Data records:
lemma pw_slope_has_integral_node:
  assumes N: "0 < N"
  shows "(pw_slope c N has_integral (c j - c 0)) {0..real j / real N}"
proof (induction j)
  case 0
  then show ?case by auto
next
  case (Suc j)
  have "(pw_slope c N has_integral
          (real (Suc j) / real N - real j / real N) * (real N * (c (Suc j) - c j)))
        {real j / real N..real (Suc j) / real N}"
    by (rule pw_slope_has_integral_cell[OF N]) (auto simp: divide_right_mono)
  moreover have "(real (Suc j) / real N - real j / real N) * (real N * (c (Suc j) - c j))
      = c (Suc j) - c j"
    using N by (simp add: field_simps)
  ultimately have "(pw_slope c N has_integral (c (Suc j) - c j))
      {real j / real N..real (Suc j) / real N}"
    by (simp only:)
  from has_integral_combine[OF _ _ Suc this] show ?case
    using N by (simp add: field_simps)
qed

lemma pw_slope_has_integral:
  assumes N: "0 < N" and x: "0 \<le> x"
  shows "(pw_slope c N has_integral (pw_linear c N x - c 0)) {0..x}"
proof -
  let ?k = "mesh_cell N x"
  note k = mesh_cell_bounds[OF N x]
  have "(pw_slope c N has_integral
         (c ?k - c 0) + (x - real ?k / real N) * (real N * (c (Suc ?k) - c ?k))) {0..x}"
    using k by (intro has_integral_combine[OF _ _ pw_slope_has_integral_node[OF N]]
        pw_slope_has_integral_cell[OF N]) auto
  moreover have "(c ?k - c 0) + (x - real ?k / real N) * (real N * (c (Suc ?k) - c ?k))
      = pw_linear c N x - c 0"
    using N by (simp add: pw_linear_def field_simps)
  ultimately show ?thesis by simp
qed

lemma Vh_imp_pw_linear:
  assumes "Vh N \<phi>" "0 < N" "x \<in> {0..1}"
  shows "\<phi> x = pw_linear (\<lambda>j. \<phi> (real j / real N)) N x"
proof -
  obtain c where c0: "c 0 = 0" and cN: "c N = 0" and c: "\<And>i x. i < N \<Longrightarrow>
      x \<in> {real i / real N .. real (Suc i) / real N} \<Longrightarrow> \<phi> x = c i + (c (Suc i) - c i) * (real N * x - real i)"
    using assms(1) unfolding Vh_def by blast
  have nodes: "\<phi> (real j / real N) = c j" if "j \<le> N" for j
  proof (cases "j = N")
    case True
    then show ?thesis using c[of "N - 1" 1] cN assms(2) by (simp add: field_simps)
  next
    case False
    then show ?thesis using c[of j "real j / real N"] that by (simp add: field_simps)
  qed
  have k: "mesh_cell N x \<le> N" by (rule mesh_cell_le[OF assms(3)])
  show ?thesis
  proof (cases "mesh_cell N x = N")
    case True
    then have "x = 1" using mesh_cell_bounds(1)[OF assms(2), of x] assms(2,3) by auto
    then show ?thesis using nodes[of N] True assms(2) cN by (simp add: pw_linear_def)
  next
    case False
    then have "mesh_cell N x < N" using k by simp
    then show ?thesis
      using c[of "mesh_cell N x" x] mesh_cell_bounds[OF assms(2), of x] assms(3)
        nodes[of "mesh_cell N x"] nodes[of "Suc (mesh_cell N x)"]
      by (auto simp: pw_linear_def)
  qed
qed

lemma pw_linear_Vh:
  assumes "0 < N" "c 0 = 0" "c N = 0"
  shows "Vh N (pw_linear c N)"
  unfolding Vh_def
proof (intro exI[of _ c] conjI allI impI ballI)
  fix i x assume i: "i < N" and x: "x \<in> {real i / real N..real (Suc i) / real N}"
  show "pw_linear c N x = c i + (c (Suc i) - c i) * (real N * x - real i)"
  proof (cases "x = real (Suc i) / real N")
    case True
    then show ?thesis using pw_linear_node[OF assms(1), of c "Suc i"] assms(1) by simp
  next
    case False
    then have "mesh_cell N x = i" using x by (intro mesh_cell_eq[OF assms(1)]) auto
    then show ?thesis by (simp add: pw_linear_def)
  qed
qed (use assms in auto)

lemma integral_initial_cells:
  fixes F :: "real \<Rightarrow> real"
  assumes N: "0 < N" and F: "F integrable_on {0..1}" and m: "m \<le> N"
  shows "integral {0..real m / real N} F
           = (\<Sum>j<m. integral {real j / real N..real (Suc j) / real N} F)"
  using m
proof (induction m)
  case 0
  then show ?case by simp
next
  case (Suc m)
  have "F integrable_on {0..real (Suc m) / real N}"
    using Suc.prems N by (intro integrable_on_subinterval[OF F]) (auto simp: field_simps)
  then have "integral {0..real m / real N} F + integral {real m / real N..real (Suc m) / real N} F
      = integral {0..real (Suc m) / real N} F"
    by (intro Henstock_Kurzweil_Integration.integral_combine) (auto simp: divide_right_mono)
  then show ?case using Suc by simp
qed

lemma integral_sum_cells:
  fixes F :: "real \<Rightarrow> real"
  assumes "0 < N" "F integrable_on {0..1}"
  shows "integral {0..1} F = (\<Sum>j<N. integral {real j / real N..real (Suc j) / real N} F)"
  using integral_initial_cells[OF assms order_refl] assms(1) by simp

lemma integral_cell_primitive:
  fixes d :: "real \<Rightarrow> real"
  assumes N: "0 < N" and j: "j < N" and d: "d integrable_on {0..1}"
    and \<eta>: "\<And>x. x \<in> {0..1} \<Longrightarrow> \<eta> x = integral {0..x} d"
    and x: "real j / real N \<le> x" "x \<le> real (Suc j) / real N"
  shows "integral {real j / real N..x} d = \<eta> x - \<eta> (real j / real N)"
proof -
  have sub: "{real j / real N..real (Suc j) / real N} \<subseteq> {0..1}" by (rule mesh_cell_subset[OF N j])
  then have "integral {0..real j / real N} d + integral {real j / real N..x} d = integral {0..x} d"
    using x by (intro Henstock_Kurzweil_Integration.integral_combine integrable_on_subinterval[OF d]) auto
  moreover have "x \<in> {0..1}" "real j / real N \<in> {0..1}"
    using subsetD[OF sub, of x] subsetD[OF sub, of "real j / real N"] x by auto
  ultimately show ?thesis using \<eta> by simp
qed

lemma integral_mesh_step_mult_eq_0:
  fixes d :: "real \<Rightarrow> real"
  assumes N: "0 < N" and d: "d integrable_on {0..1}"
    and \<eta>: "\<And>x. x \<in> {0..1} \<Longrightarrow> \<eta> x = integral {0..x} d"
    and nodes: "\<And>j. j \<le> N \<Longrightarrow> \<eta> (real j / real N) = 0"
    and Gd: "(\<lambda>x. G (mesh_cell N x) * d x) integrable_on {0..1}"
  shows "integral {0..1} (\<lambda>x. G (mesh_cell N x) * d x) = 0"
proof -
  have "integral {real j / real N..real (Suc j) / real N} (\<lambda>x. G (mesh_cell N x) * d x) = 0"
    if j: "j < N" for j
  proof -
    let ?C = "{real j / real N..real (Suc j) / real N}"
    have "integral ?C (\<lambda>x. G (mesh_cell N x) * d x) = integral ?C (\<lambda>x. G j * d x)"
    proof (rule integral_spike[where S="{real (Suc j) / real N}"])
      fix x assume "x \<in> ?C - {real (Suc j) / real N}"
      then show "G j * d x = G (mesh_cell N x) * d x" by (subst mesh_cell_eq[OF N]) auto
    qed auto
    also have "\<dots> = G j * (\<eta> (real (Suc j) / real N) - \<eta> (real j / real N))"
      using integral_cell_primitive[OF N j d \<eta>] by (simp add: divide_right_mono)
    finally show ?thesis using nodes[of j] nodes[of "Suc j"] j by simp
  qed
  then show ?thesis using integral_sum_cells[OF N Gd] by simp
qed

lemma square_integral_le:
  fixes g :: "real \<Rightarrow> real"
  assumes ab: "a \<le> b" and g: "g integrable_on {a..b}" and g2: "(\<lambda>x. (g x)\<^sup>2) integrable_on {a..b}"
  shows "(integral {a..b} g)\<^sup>2 \<le> (b - a) * integral {a..b} (\<lambda>x. (g x)\<^sup>2)"
proof (cases "a = b")
  case True
  then show ?thesis by simp
next
  case False
  then have L: "0 < b - a" using ab by simp
  define I where "I = integral {a..b} g"
  define J where "J = integral {a..b} (\<lambda>x. (g x)\<^sup>2)"
  define m where "m = I / (b - a)"
  \<comment> \<open>expand \<open>0 \<le> \<integral> (g - m)\<^sup>2\<close> with \<open>m\<close> the mean of \<open>g\<close>\<close>
  have gm: "(\<lambda>x. (g x)\<^sup>2 - 2 * m * g x) integrable_on {a..b}"
    using g g2 by (intro integrable_diff integrable_on_mult_right)
  have "0 \<le> integral {a..b} (\<lambda>x. (g x)\<^sup>2 - 2 * m * g x + m\<^sup>2)"
  proof (rule integral_nonneg)
    fix x
    have "0 \<le> (g x - m)\<^sup>2" by simp
    then show "0 \<le> (g x)\<^sup>2 - 2 * m * g x + m\<^sup>2" by (simp add: power2_eq_square algebra_simps)
  qed (use gm in \<open>auto intro!: integrable_add\<close>)
  also have "\<dots> = integral {a..b} (\<lambda>x. (g x)\<^sup>2 - 2 * m * g x) + (b - a) * m\<^sup>2"
    using ab by (subst integral_add[OF gm]) auto
  also have "\<dots> = J - 2 * m * I + (b - a) * m\<^sup>2"
    using g g2 unfolding I_def J_def by (subst integral_diff) (auto intro: integrable_on_mult_right)
  also have "\<dots> = J - I\<^sup>2 / (b - a)"
    using L by (simp add: m_def power2_eq_square)
  finally show ?thesis using L unfolding I_def J_def by (simp add: field_simps)
qed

Your assignment
Write out the records above exactly, from the opening line to the line with "(Suc ?k) - c ?k)))", including both, with nothing added.

Written solution
lemma pw_slope_has_integral_node:
  assumes N: "0 < N"
  shows "(pw_slope c N has_integral (c j - c 0)) {0..real j / real N}"
proof (induction j)
  case 0
  then show ?case by auto
next
  case (Suc j)
  have "(pw_slope c N has_integral
          (real (Suc j) / real N - real j / real N) * (real N * (c (Suc j) - c j)))
        {real j / real N..real (Suc j) / real N}"
    by (rule pw_slope_has_integral_cell[OF N]) (auto simp: divide_right_mono)
  moreover have "(real (Suc j) / real N - real j / real N) * (real N * (c (Suc j) - c j))
      = c (Suc j) - c j"
    using N by (simp add: field_simps)
  ultimately have "(pw_slope c N has_integral (c (Suc j) - c j))
      {real j / real N..real (Suc j) / real N}"
    by (simp only:)
  from has_integral_combine[OF _ _ Suc this] show ?case
    using N by (simp add: field_simps)
qed

lemma pw_slope_has_integral:
  assumes N: "0 < N" and x: "0 \<le> x"
  shows "(pw_slope c N has_integral (pw_linear c N x - c 0)) {0..x}"
proof -
  let ?k = "mesh_cell N x"
  note k = mesh_cell_bounds[OF N x]
  have "(pw_slope c N has_integral
         (c ?k - c 0) + (x - real ?k / real N) * (real N * (c (Suc ?k) - c ?k))) {0..x}"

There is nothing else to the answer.